Overall, this study found common areas of underperformance by overseas qualified physiotherapists in high-stakes clinical-based simulation assessments. This information can be used by educational institutions to aid the construction of targeted training, learning, and professional development opportunities to support internationally credentialled physiotherapists immigrating to Australia or countries with equivalent entry level training, such as the United States and Canada. The results may also be used to provide feedback to potential or previously unsuccessful candidates and entry level physiotherapists around areas that they may need to focus on to reach competency levels expected by the profession. More research is recommended into the common areas of underperformance (planning and prioritising for the specific patient, interpreting and implementing the information gathered, and selecting effective treatments and evaluating their effectiveness) to investigate if similar results would be found internationally. Additionally, research into fostering clinical reasoning and the acquisition of skills needed in the identified areas of weakness, may help shape the future training of physiotherapists to bridge any such gaps.

Limitations

This study was descriptive in nature, such that the results need to be considered carefully when attempting to generalise the findings to other populations and cannot be used to determine causality. Despite this, the findings align with previous research in other cohorts and contexts, strengthening our understanding of the areas that physiotherapists find challenging when demonstrating competency and trying to reach thresholds for practice. Due to the small sample size, this data may not be representative of the full breadth of overseas qualified physiotherapists. However, the percentage of exams failed in each area of practice, the failure percentage across the domains, and the number of candidates failing one, two, or three exams is consistent with the percentages observed in the entire cohort for the 2020–2021 financial year.
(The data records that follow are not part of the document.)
(* The Petersen graph $P$ satisfies $\alpha_{\mathrm{od}}(P)=3$ and $\chi_{\mathrm{so}}(P)=6$. Moreover, every odd independent set of $P$ with at least two vertices equals the neighborhood $N(v)$ of some vertex $v$.
   Context: An odd independent set in $G=(V,E)$ is an independent set $S$ such that every $v\in V\setminus S$ has either no neighbor or an odd number of neighbors in $S$; $\alpha_{\mathrm{od}}(G)$ is its maximum size. A strong odd coloring is a proper coloring such that for each vertex $v$ every color on $N(v)$ occurs an odd number of times on $N(v)$; $\chi_{\mathrm{so}}(G)$ is the minimum number of colors. $N(v)$ is the open neighborhood. *)

theory Defs
  imports Main
begin

(* A simple graph is given by a vertex set V and a symmetric irreflexive
   adjacency relation E (only its restriction to V matters). *)

definition nbhd :: "'a set \<Rightarrow> ('a \<Rightarrow> 'a \<Rightarrow> bool) \<Rightarrow> 'a \<Rightarrow> 'a set" where
  "nbhd V E v = {u \<in> V. E v u}"

definition independent_set :: "'a set \<Rightarrow> ('a \<Rightarrow> 'a \<Rightarrow> bool) \<Rightarrow> 'a set \<Rightarrow> bool" where
  "independent_set V E S \<longleftrightarrow> S \<subseteq> V \<and> (\<forall>u\<in>S. \<forall>v\<in>S. \<not> E u v)"

definition odd_independent_set :: "'a set \<Rightarrow> ('a \<Rightarrow> 'a \<Rightarrow> bool) \<Rightarrow> 'a set \<Rightarrow> bool" where
  "odd_independent_set V E S \<longleftrightarrow> independent_set V E S \<and>
     (\<forall>v \<in> V - S. card (nbhd V E v \<inter> S) = 0 \<or> odd (card (nbhd V E v \<inter> S)))"

definition alpha_od :: "'a set \<Rightarrow> ('a \<Rightarrow> 'a \<Rightarrow> bool) \<Rightarrow> nat" where
  "alpha_od V E = Max (card ` {S. odd_independent_set V E S})"

definition proper_coloring :: "'a set \<Rightarrow> ('a \<Rightarrow> 'a \<Rightarrow> bool) \<Rightarrow> ('a \<Rightarrow> 'c) \<Rightarrow> 'c set \<Rightarrow> bool" where
  "proper_coloring V E f C \<longleftrightarrow> f ` V \<subseteq> C \<and> (\<forall>u\<in>V. \<forall>v\<in>V. E u v \<longrightarrow> f u \<noteq> f v)"

definition strong_odd_coloring :: "'a set \<Rightarrow> ('a \<Rightarrow> 'a \<Rightarrow> bool) \<Rightarrow> ('a \<Rightarrow> 'c) \<Rightarrow> 'c set \<Rightarrow> bool" where
  "strong_odd_coloring V E f C \<longleftrightarrow> proper_coloring V E f C \<and>
     (\<forall>v\<in>V. \<forall>c \<in> f ` nbhd V E v. odd (card {u \<in> nbhd V E v. f u = c}))"

definition chi_so :: "'a set \<Rightarrow> ('a \<Rightarrow> 'a \<Rightarrow> bool) \<Rightarrow> nat" where
  "chi_so V E = (LEAST k. \<exists>f :: 'a \<Rightarrow> nat. strong_odd_coloring V E f {0..<k})"

(* Petersen graph: outer 5-cycle 0..4, inner pentagram 5..9, spokes i -- i+5 *)
definition petersen_V :: "nat set" where
  "petersen_V = {0..<10}"

definition petersen_edge0 :: "nat \<Rightarrow> nat \<Rightarrow> bool" where
  "petersen_edge0 u v \<longleftrightarrow>
     (u < 5 \<and> v < 5 \<and> v = (u + 1) mod 5) \<or>
     (5 \<le> u \<and> u < 10 \<and> 5 \<le> v \<and> v < 10 \<and> v - 5 = (u - 5 + 2) mod 5) \<or>
     (u < 5 \<and> v = u + 5)"

definition petersen_E :: "nat \<Rightarrow> nat \<Rightarrow> bool" where
  "petersen_E u v \<longleftrightarrow> petersen_edge0 u v \<or> petersen_edge0 v u"

end

theory Submission
  imports Defs
begin

text \<open>
  The Petersen graph is cubic, triangle-free, and any two distinct non-adjacent vertices have a
  common neighbour. Let \<open>S\<close> be an odd independent set containing \<open>u \<noteq> w\<close>. A common neighbour
  \<open>x\<close> of \<open>u\<close> and \<open>w\<close> lies outside \<open>S\<close> and has at least two, hence (oddness) all three, of its
  neighbours in \<open>S\<close>; any further \<open>y \<in> S\<close> would share a neighbour with \<open>x\<close>, i.e. be adjacent to
  a vertex of \<open>S\<close>. So \<open>S = N(x)\<close>, which gives \<open>\<alpha>\<^sub>o\<^sub>d = 3\<close>.

  The color classes of a strong odd coloring are odd independent sets, hence singletons or
  neighbourhoods. Vertices with disjoint neighbourhoods are adjacent, so by triangle-freeness
  at most two classes are neighbourhoods, and \<open>k\<close> colors cover at most \<open>k + 4\<close> vertices.
\<close>

definition diameter_le_two :: "'a set \<Rightarrow> ('a \<Rightarrow> 'a \<Rightarrow> bool) \<Rightarrow> bool" where
  "diameter_le_two V E \<longleftrightarrow>
     (\<forall>u\<in>V. \<forall>w\<in>V. u \<noteq> w \<and> \<not> E u w \<longrightarrow> nbhd V E u \<inter> nbhd V E w \<noteq> {})"

definition triangle_free :: "'a set \<Rightarrow> ('a \<Rightarrow> 'a \<Rightarrow> bool) \<Rightarrow> bool" where
  "triangle_free V E \<longleftrightarrow> (\<forall>u\<in>V. \<forall>v\<in>V. \<forall>w\<in>V. \<not> (E u v \<and> E v w \<and> E u w))"

lemma nbhd_subset: "nbhd V E v \<subseteq> V"
  by (auto simp: nbhd_def)

lemma odd_independent_set_eq_nbhd:
  assumes "finite V" and "symp E" and degree: "\<forall>v\<in>V. card (nbhd V E v) \<le> 3"
    and diam: "diameter_le_two V E"
    and S: "odd_independent_set V E S" and "2 \<le> card S"
  shows "\<exists>x\<in>V. S = nbhd V E x"
proof -
  have "S \<subseteq> V" and indep: "\<And>u v. u \<in> S \<Longrightarrow> v \<in> S \<Longrightarrow> \<not> E u v"
    and odd: "\<And>v. v \<in> V - S \<Longrightarrow> card (nbhd V E v \<inter> S) = 0 \<or> odd (card (nbhd V E v \<inter> S))"
    using S by (auto simp: odd_independent_set_def independent_set_def)
  obtain T where "T \<subseteq> S" "card T = 2"
    using obtain_subset_with_card_n[OF \<open>2 \<le> card S\<close>] by blast
  then obtain u w where "u \<in> S" "w \<in> S" "u \<noteq> w"
    by (auto simp: card_2_iff)
  then have "nbhd V E u \<inter> nbhd V E w \<noteq> {}"
    using diam \<open>S \<subseteq> V\<close> indep unfolding diameter_le_two_def by blast
  then obtain x where "x \<in> V" "E u x" "E w x"
    by (auto simp: nbhd_def)
  have "x \<notin> S"
    using \<open>E u x\<close> \<open>u \<in> S\<close> indep by blast
  have fin: "finite (nbhd V E x)"
    using \<open>finite V\<close> nbhd_subset finite_subset by metis
  have "{u, w} \<subseteq> nbhd V E x \<inter> S"
    using \<open>E u x\<close> \<open>E w x\<close> \<open>u \<in> S\<close> \<open>w \<in> S\<close> \<open>S \<subseteq> V\<close> sympD[OF \<open>symp E\<close>]
    unfolding nbhd_def by blast
  then have "2 \<le> card (nbhd V E x \<inter> S)"
    using \<open>u \<noteq> w\<close> fin card_mono[of "nbhd V E x \<inter> S" "{u, w}"] by simp
  moreover have "card (nbhd V E x \<inter> S) \<le> card (nbhd V E x)"
    using fin by (simp add: card_mono)
  moreover have "card (nbhd V E x) \<le> 3"
    using degree \<open>x \<in> V\<close> by blast
  moreover have "card (nbhd V E x \<inter> S) = 0 \<or> odd (card (nbhd V E x \<inter> S))"
    using odd \<open>x \<in> V\<close> \<open>x \<notin> S\<close> by blast
  ultimately have "card (nbhd V E x \<inter> S) = card (nbhd V E x)"
    by (auto elim: oddE)
  then have N_sub: "nbhd V E x \<subseteq> S"
    using fin card_subset_eq[of "nbhd V E x" "nbhd V E x \<inter> S"] by blast
  have "S \<subseteq> nbhd V E x"
  proof
    fix y assume "y \<in> S"
    show "y \<in> nbhd V E x"
    proof (rule ccontr)
      assume "y \<notin> nbhd V E x"
      then have "x \<noteq> y" "\<not> E x y"
        using \<open>x \<notin> S\<close> \<open>y \<in> S\<close> \<open>S \<subseteq> V\<close> unfolding nbhd_def by blast+
      then have "nbhd V E x \<inter> nbhd V E y \<noteq> {}"
        using diam \<open>x \<in> V\<close> \<open>y \<in> S\<close> \<open>S \<subseteq> V\<close> unfolding diameter_le_two_def by blast
      then obtain a where "a \<in> nbhd V E x" "E y a"
        by (auto simp: nbhd_def)
      then show False
        using N_sub indep \<open>y \<in> S\<close> by blast
    qed
  qed
  with N_sub \<open>x \<in> V\<close> show ?thesis
    by blast
qed

lemma odd_independent_set_card_le_3:
  assumes "finite V" and "symp E" and "\<forall>v\<in>V. card (nbhd V E v) \<le> 3"
    and "diameter_le_two V E" and "odd_independent_set V E S"
  shows "card S \<le> 3"
  using odd_independent_set_eq_nbhd[OF assms] assms(3) by (cases "2 \<le> card S") auto

lemma strong_odd_coloring_class_odd_independent_set:
  assumes "strong_odd_coloring V E f C"
  shows "odd_independent_set V E {v\<in>V. f v = c}"
proof -
  have proper: "\<And>u v. u \<in> V \<Longrightarrow> v \<in> V \<Longrightarrow> E u v \<Longrightarrow> f u \<noteq> f v"
    and odd: "\<And>v c. v \<in> V \<Longrightarrow> c \<in> f ` nbhd V E v \<Longrightarrow> odd (card {u \<in> nbhd V E v. f u = c})"
    using assms by (auto simp: strong_odd_coloring_def proper_coloring_def)
  have nbhd_inter_class: "nbhd V E v \<inter> {v\<in>V. f v = c} = {u \<in> nbhd V E v. f u = c}" for v
    using nbhd_subset[of V E v] by blast
  show ?thesis
    unfolding odd_independent_set_def independent_set_def nbhd_inter_class
  proof (intro conjI ballI)
    fix v assume "v \<in> V - {v\<in>V. f v = c}"
    then show "card {u \<in> nbhd V E v. f u = c} = 0 \<or> odd (card {u \<in> nbhd V E v. f u = c})"
      using odd[of v c] by (cases "c \<in> f ` nbhd V E v") (auto simp: card_gt_0_iff)
  qed (auto dest: proper)
qed

lemma card_disjoint_nbhds_le_2:
  assumes diam: "diameter_le_two V E" and "triangle_free V E"
    and nbhds: "\<forall>A\<in>\<A>. A \<noteq> {} \<and> (\<exists>x\<in>V. A = nbhd V E x)"
    and "pairwise disjnt \<A>"
  shows "card \<A> \<le> 2"
proof (rule ccontr)
  have adjacent: "E a b"
    if "a \<in> V" "b \<in> V" "nbhd V E a \<noteq> {}" "disjnt (nbhd V E a) (nbhd V E b)" for a b
    using diam that unfolding diameter_le_two_def disjnt_def by (cases "a = b") auto
  assume "\<not> card \<A> \<le> 2"
  then obtain \<B> where "\<B> \<subseteq> \<A>" "card \<B> = 3"
    using obtain_subset_with_card_n[of 3 \<A>] by auto
  then obtain A B C where ABC: "{A, B, C} \<subseteq> \<A>" "A \<noteq> B" "B \<noteq> C" "A \<noteq> C"
    by (auto simp: card_3_iff)
  then have "disjnt A B" "disjnt B C" "disjnt A C"
    using \<open>pairwise disjnt \<A>\<close> by (simp_all add: pairwise_def)
  moreover obtain x y z where "x \<in> V" "y \<in> V" "z \<in> V"
    and "A = nbhd V E x" "B = nbhd V E y" "C = nbhd V E z" "A \<noteq> {}" "B \<noteq> {}"
    using nbhds ABC(1) by (metis insert_subset)
  ultimately have "E x y" "E y z" "E x z"
    using adjacent by simp_all
  with \<open>x \<in> V\<close> \<open>y \<in> V\<close> \<open>z \<in> V\<close> \<open>triangle_free V E\<close> show False
    unfolding triangle_free_def by blast
qed

lemma card_vertices_le_strong_odd_coloring:
  assumes "finite V" and "symp E" and degree: "\<forall>v\<in>V. card (nbhd V E v) \<le> 3"
    and diam: "diameter_le_two V E" and "triangle_free V E"
    and coloring: "strong_odd_coloring V E f C" and "finite C"
  shows "card V \<le> card C + 4"
proof -
  define Cl where "Cl c = {v\<in>V. f v = c}" for c
  define T where "T = {c\<in>C. 2 \<le> card (Cl c)}"
  then have "T \<subseteq> C"
    by blast
  have class_nbhd: "\<exists>x\<in>V. Cl c = nbhd V E x" if "c \<in> T" for c
    using odd_independent_set_eq_nbhd[OF assms(1-4)
        strong_odd_coloring_class_odd_independent_set[OF coloring]] that
    by (auto simp: T_def Cl_def)
  have class_nonempty: "Cl c \<noteq> {}" if "c \<in> T" for c
    using that by (auto simp: T_def)
  have "card (Cl ` T) \<le> 2"
  proof (rule card_disjoint_nbhds_le_2[OF diam \<open>triangle_free V E\<close>])
    show "\<forall>A\<in>Cl ` T. A \<noteq> {} \<and> (\<exists>x\<in>V. A = nbhd V E x)"
      using class_nbhd class_nonempty by blast
    show "pairwise disjnt (Cl ` T)"
      by (auto simp: pairwise_def disjnt_def Cl_def)
  qed
  moreover have "inj_on Cl T"
    using class_nonempty by (auto simp: inj_on_def Cl_def)
  ultimately have "card T \<le> 2"
    by (simp add: card_image)
  have "card (\<Union>c\<in>C. Cl c) = (\<Sum>c\<in>C. card (Cl c))"
    using \<open>finite V\<close> \<open>finite C\<close> by (intro card_UN_disjoint) (auto simp: Cl_def)
  moreover have "(\<Union>c\<in>C. Cl c) = V"
    using coloring by (auto simp: strong_odd_coloring_def proper_coloring_def Cl_def)
  ultimately have "card V = (\<Sum>c\<in>C. card (Cl c))"
    by simp
  also have "\<dots> \<le> (\<Sum>c\<in>C. 1 + (if c \<in> T then 2 else 0))"
  proof (rule sum_mono)
    fix c assume "c \<in> C"
    show "card (Cl c) \<le> 1 + (if c \<in> T then 2 else 0)"
      using class_nbhd[of c] degree \<open>c \<in> C\<close> by (auto simp: T_def)
  qed
  also have "\<dots> = card C + 2 * card T"
    using \<open>finite C\<close> \<open>T \<subseteq> C\<close>
    by (simp only: sum.distrib) (simp add: sum.If_cases Int_absorb1)
  finally show ?thesis
    using \<open>card T \<le> 2\<close> by linarith
qed

lemma finite_petersen_V: "finite petersen_V"
  by (simp add: petersen_V_def)

lemma symp_petersen_E: "symp petersen_E"
  by (auto simp: symp_def petersen_E_def)

lemma petersen_degree: "\<forall>v\<in>petersen_V. card (nbhd petersen_V petersen_E v) = 3"
  by code_simp

lemma petersen_diameter_le_two: "diameter_le_two petersen_V petersen_E"
  by code_simp

lemma petersen_triangle_free: "triangle_free petersen_V petersen_E"
  by code_simp

lemma petersen_odd_independent_set_eq_nbhd:
  assumes "odd_independent_set petersen_V petersen_E S" and "2 \<le> card S"
  shows "\<exists>x\<in>petersen_V. S = nbhd petersen_V petersen_E x"
  using odd_independent_set_eq_nbhd[OF finite_petersen_V symp_petersen_E _
      petersen_diameter_le_two assms] petersen_degree by simp

lemma petersen_alpha_od: "alpha_od petersen_V petersen_E = 3"
proof -
  have "odd_independent_set petersen_V petersen_E (nbhd petersen_V petersen_E 0)"
    by code_simp
  moreover have "card (nbhd petersen_V petersen_E 0) = 3"
    using petersen_degree by (simp add: petersen_V_def)
  moreover have "card S \<le> 3" if "odd_independent_set petersen_V petersen_E S" for S
    using odd_independent_set_card_le_3[OF finite_petersen_V symp_petersen_E _
        petersen_diameter_le_two that] petersen_degree by simp
  moreover have "finite {S. odd_independent_set petersen_V petersen_E S}"
    by (rule finite_subset[of _ "Pow petersen_V"])
      (auto simp: odd_independent_set_def independent_set_def finite_petersen_V)
  ultimately show ?thesis
    unfolding alpha_od_def by (intro Max_eqI) auto
qed

text \<open>The color classes are \<open>N(0) = {1, 4, 5}\<close>, \<open>N(1) = {0, 2, 6}\<close> and four singletons.\<close>

definition petersen_coloring :: "nat \<Rightarrow> nat" where
  "petersen_coloring v = [1, 0, 1, 2, 0, 0, 1, 3, 4, 5] ! v"

lemma petersen_strong_odd_coloring:
  "strong_odd_coloring petersen_V petersen_E petersen_coloring {0..<6}"
  by code_simp

lemma petersen_chi_so: "chi_so petersen_V petersen_E = 6"
  unfolding chi_so_def
proof (rule Least_equality)
  show "\<exists>f :: nat \<Rightarrow> nat. strong_odd_coloring petersen_V petersen_E f {0..<6}"
    using petersen_strong_odd_coloring by blast
next
  fix k assume "\<exists>f :: nat \<Rightarrow> nat. strong_odd_coloring petersen_V petersen_E f {0..<k}"
  then obtain f :: "nat \<Rightarrow> nat"
    where coloring: "strong_odd_coloring petersen_V petersen_E f {0..<k}"
    by blast
  have "card petersen_V \<le> card {0..<k} + 4"
    using card_vertices_le_strong_odd_coloring[OF finite_petersen_V symp_petersen_E _
        petersen_diameter_le_two petersen_triangle_free coloring finite_atLeastLessThan]
      petersen_degree by simp
  then show "6 \<le> k"
    by (simp add: petersen_V_def)
qed

theorem proposition8:
  shows "alpha_od petersen_V petersen_E = 3
    \<and> chi_so petersen_V petersen_E = 6
    \<and> (\<forall>S. odd_independent_set petersen_V petersen_E S \<and> card S \<ge> 2
           \<longrightarrow> (\<exists>v\<in>petersen_V. S = nbhd petersen_V petersen_E v))"
  using petersen_alpha_od petersen_chi_so petersen_odd_independent_set_eq_nbhd by blast

end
This suggests our sample was representative of the typical candidate applying for assessment for suitability for Australian registration through the Standard Assessment Pathway.

Conclusion

This study identified that there are common factors in underperformance in a high-stakes clinical-based simulation assessment for international physiotherapists applying to practice in Australia. Clinical reasoning, including its relationship to selecting contextually appropriate patient treatment and assessment, is a substantial area for development, and is highly critical for safe and effective professional practice. Additional studies investigating the areas of underperformance within physiotherapy and why clinical reasoning skills may vary for international candidates are needed.